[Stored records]

*****

definition ctx_sigs ::
  "'q trans set \<Rightarrow> ('a \<Rightarrow> 'q set) \<Rightarrow> 'a forest \<Rightarrow> (('q \<times> 'q) \<times> ('q \<times> 'q)) set" where
  "ctx_sigs \<delta> Init C =
     {((p, q), (r, s)). \<exists>run hp. valid_run (delta_ext \<delta>) (init_ext Init) C run
                 \<and> subf C hp = Some Hole
                 \<and> pre (run [0]) = Some p \<and> post (run [length C - 1]) = Some q
                 \<and> pre (run hp) = Some r \<and> post (run hp) = Some s}"

definition fplus :: "('q \<times> 'q) set \<Rightarrow> ('q \<times> 'q) set \<Rightarrow> ('q \<times> 'q) set" where
  "fplus F1 F2 = {(q1, q3) | q1 q2 q3. (q1, q2) \<in> F1 \<and> (q2, q3) \<in> F2}"

definition ccomp ::
  "(('q \<times> 'q) \<times> ('q \<times> 'q)) set \<Rightarrow> (('q \<times> 'q) \<times> ('q \<times> 'q)) set \<Rightarrow> (('q \<times> 'q) \<times> ('q \<times> 'q)) set" where
  "ccomp C1 C2 = {((q1, q2), (q5, q6)) | q1 q2 q3 q4 q5 q6.
                    ((q1, q2), (q3, q4)) \<in> C1 \<and> ((q3, q4), (q5, q6)) \<in> C2}"

definition capp :: "(('q \<times> 'q) \<times> ('q \<times> 'q)) set \<Rightarrow> ('q \<times> 'q) set \<Rightarrow> ('q \<times> 'q) set" where
  "capp C F = {(q1, q2) | q1 q2 q3 q4. ((q1, q2), (q3, q4)) \<in> C \<and> (q3, q4) \<in> F}"

definition fcplus ::
  "('q \<times> 'q) set \<Rightarrow> (('q \<times> 'q) \<times> ('q \<times> 'q)) set \<Rightarrow> (('q \<times> 'q) \<times> ('q \<times> 'q)) set" where
  "fcplus F C = {((q1, q3), (q4, q5)) | q1 q2 q3 q4 q5.
                   (q1, q2) \<in> F \<and> ((q2, q3), (q4, q5)) \<in> C}"

definition cfplus ::
  "(('q \<times> 'q) \<times> ('q \<times> 'q)) set \<Rightarrow> ('q \<times> 'q) set \<Rightarrow> (('q \<times> 'q) \<times> ('q \<times> 'q)) set" where
  "cfplus C F = {((q1, q5), (q3, q4)) | q1 q2 q3 q4 q5.
                   ((q1, q2), (q3, q4)) \<in> C \<and> (q2, q5) \<in> F}"

definition is_hom ::
  "('a forest \<Rightarrow> ('q \<times> 'q) set) \<Rightarrow> ('a forest \<Rightarrow> (('q \<times> 'q) \<times> ('q \<times> 'q)) set) \<Rightarrow> bool" where
  "is_hom hF hC \<longleftrightarrow>
     hF [] = Id \<and> hC [Hole] = Id
   \<and> (\<forall>F1 F2. is_forest F1 \<and> is_forest F2 \<longrightarrow> hF (F1 @ F2) = fplus (hF F1) (hF F2))
   \<and> (\<forall>C1 C2. is_context C1 \<and> is_context C2 \<longrightarrow> hC (subst C1 C2) = ccomp (hC C1) (hC C2))
   \<and> (\<forall>C F. is_context C \<and> is_forest F \<longrightarrow> hF (subst C F) = capp (hC C) (hF F))
   \<and> (\<forall>F C. is_forest F \<and> is_context C \<longrightarrow> hC (F @ C) = fcplus (hF F) (hC C))
   \<and> (\<forall>C F. is_context C \<and> is_forest F \<longrightarrow> hC (C @ F) = cfplus (hC C) (hF F))"

end

theory Submission
  imports Defs
begin

text \<open>
  Validity of a run is a conjunction of local conditions, one for each node (relating its
  transition to the transitions of its children), together with the matching of consecutive
  roots. Hence a run on a concatenation \<open>F\<^sub>1 @ F\<^sub>2\<close> is exactly a pair of runs on
  \<open>F\<^sub>1\<close> and \<open>F\<^sub>2\<close> that match at the seam, and a run on a tree \<open>a(ts)\<close> is a
  transition at the root on top of a run on \<open>ts\<close>. Runs of the extended automaton on a
  hole-free forest are exactly the runs of \<open>N\<close> with every state wrapped in \<open>Some\<close>, so forest
  and context signatures can be compared through one automaton. Reading off signatures, the
  signature sets satisfy the equations defining \<open>h\<close>: concatenation becomes \<open>\<oplus>\<close>, and
  \<open>a(ts)\<close>, which is \<open>a\<^sub>\<box>\<close> applied to \<open>ts\<close>, becomes application of the signatures of
  \<open>a\<^sub>\<box>\<close>. As every forest and context is built from holes and trees \<open>a(ts)\<close> by
  concatenation, \<open>h\<close> and the signature map agree by induction on trees.
\<close>

section \<open>Local characterisation of valid runs\<close>

lemma pre_self_post_simps [simp]:
  "pre (p, s, q) = p" "self (p, s, q) = s" "post (p, s, q) = q"
  by (simp_all add: pre_def self_def post_def)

*****

§ **ACTIVITY**:
Please copy out every entry exactly, with nothing omitted.

§ **ANSWER BELOW**:
definition ctx_sigs ::
  "'q trans set \<Rightarrow> ('a \<Rightarrow> 'q set) \<Rightarrow> 'a forest \<Rightarrow> (('q \<times> 'q) \<times> ('q \<times> 'q)) set" where
  "ctx_sigs \<delta> Init C =
     {((p, q), (r, s)). \<exists>run hp. valid_run (delta_ext \<delta>) (init_ext Init) C run
                 \<and> subf C hp = Some Hole
                 \<and> pre (run [0]) = Some p \<and> post (run [length C - 1]) = Some q
                 \<and> pre (run hp) = Some r \<and> post (run hp) = Some s}"

definition fplus :: "('q \<times> 'q) set \<Rightarrow> ('q \<times> 'q) set \<Rightarrow> ('q \<times> 'q) set" where
  "fplus F1 F2 = {(q1, q3) | q1 q2 q3. (q1, q2) \<in> F1 \<and> (q2, q3) \<in> F2}"

definition ccomp ::
  "(('q \<times> 'q) \<times> ('q \<times> 'q)) set \<Rightarrow> (('q \<times> 'q) \<times> ('q \<times> 'q)) set \<Rightarrow> (('q \<times> 'q) \<times> ('q \<times> 'q)) set" where
  "ccomp C1 C2 = {((q1, q2), (q5, q6)) | q1 q2 q3 q4 q5 q6.
                    ((q1, q2), (q3, q4)) \<in> C1 \<and> ((q3, q4), (q5, q6)) \<in> C2}"

definition capp :: "(('q \<times> 'q) \<times> ('q \<times> 'q)) set \<Rightarrow> ('q \<times> 'q) set \<Rightarrow> ('q \<times> 'q) set" where
  "capp C F = {(q1, q2) | q1 q2 q3 q4. ((q1, q2), (q3, q4)) \<in> C \<and> (q3, q4) \<in> F}"

definition fcplus ::
  "('q \<times> 'q) set \<Rightarrow> (('q \<times> 'q) \<times> ('q \<times> 'q)) set \<Rightarrow> (('q \<times> 'q) \<times> ('q \<times> 'q)) set" where
  "fcplus F C = {((q1, q3), (q4, q5)) | q1 q2 q3 q4 q5.
                   (q1, q2) \<in> F \<and> ((q2, q3), (q4, q5)) \<in> C}"

definition cfplus ::
  "(('q \<times> 'q) \<times> ('q \<times> 'q)) set \<Rightarrow> ('q \<times> 'q) set \<Rightarrow> (('q \<times> 'q) \<times> ('q \<times> 'q)) set" where
  "cfplus C F = {((q1, q5), (q3, q4)) | q1 q2 q3 q4 q5.
                   ((q1, q2), (q3, q4)) \<in> C \<and> (q2, q5) \<in> F}"

definition is_hom ::
  "('a forest \<Rightarrow> ('q \<times> 'q) set) \<Rightarrow> ('a forest \<Rightarrow> (('q \<times> 'q) \<times> ('q \<times> 'q)) set) \<Rightarrow> bool" where
  "is_hom hF hC \<longleftrightarrow>
     hF [] = Id \<and> hC [Hole] = Id
   \<and> (\<forall>F1 F2. is_forest F1 \<and> is_forest F2 \<longrightarrow> hF (F1 @ F2) = fplus (hF F1) (hF F2))
   \<and> (\<forall>C1 C2. is_context C1 \<and> is_context C2 \<longrightarrow> hC (subst C1 C2) = ccomp (hC C1) (hC C2))
   \<and> (\<forall>C F. is_context C \<and> is_forest F \<longrightarrow> hF (subst C F) = capp (hC C) (hF F))
   \<and> (\<forall>F C. is_forest F \<and> is_context C \<longrightarrow> hC (F @ C) = fcplus (hF F) (hC C))
   \<and> (\<forall>C F. is_context C \<and> is_forest F \<longrightarrow> hC (C @ F) = cfplus (hC C) (hF F))"

end

theory Submission
  imports Defs
begin

text \<open>
  Validity of a run is a conjunction of local conditions, one for each node (relating its
  transition to the transitions of its children), together with the matching of consecutive
  roots. Hence a run on a concatenation \<open>F\<^sub>1 @ F\<^sub>2\<close> is exactly a pair of runs on
  \<open>F\<^sub>1\<close> and \<open>F\<^sub>2\<close> that match at the seam, and a run on a tree \<open>a(ts)\<close> is a
  transition at the root on top of a run on \<open>ts\<close>. Runs of the extended automaton on a
  hole-free forest are exactly the runs of \<open>N\<close> with every state wrapped in \<open>Some\<close>, so forest
  and context signatures can be compared through one automaton. Reading off signatures, the
  signature sets satisfy the equations defining \<open>h\<close>: concatenation becomes \<open>\<oplus>\<close>, and
  \<open>a(ts)\<close>, which is \<open>a\<^sub>\<box>\<close> applied to \<open>ts\<close>, becomes application of the signatures of
  \<open>a\<^sub>\<box>\<close>. As every forest and context is built from holes and trees \<open>a(ts)\<close> by
  concatenation, \<open>h\<close> and the signature map agree by induction on trees.
\<close>

section \<open>Local characterisation of valid runs\<close>

lemma pre_self_post_simps [simp]:
  "pre (p, s, q) = p" "self (p, s, q) = s" "post (p, s, q) = q"
  by (simp_all add: pre_def self_def post_def)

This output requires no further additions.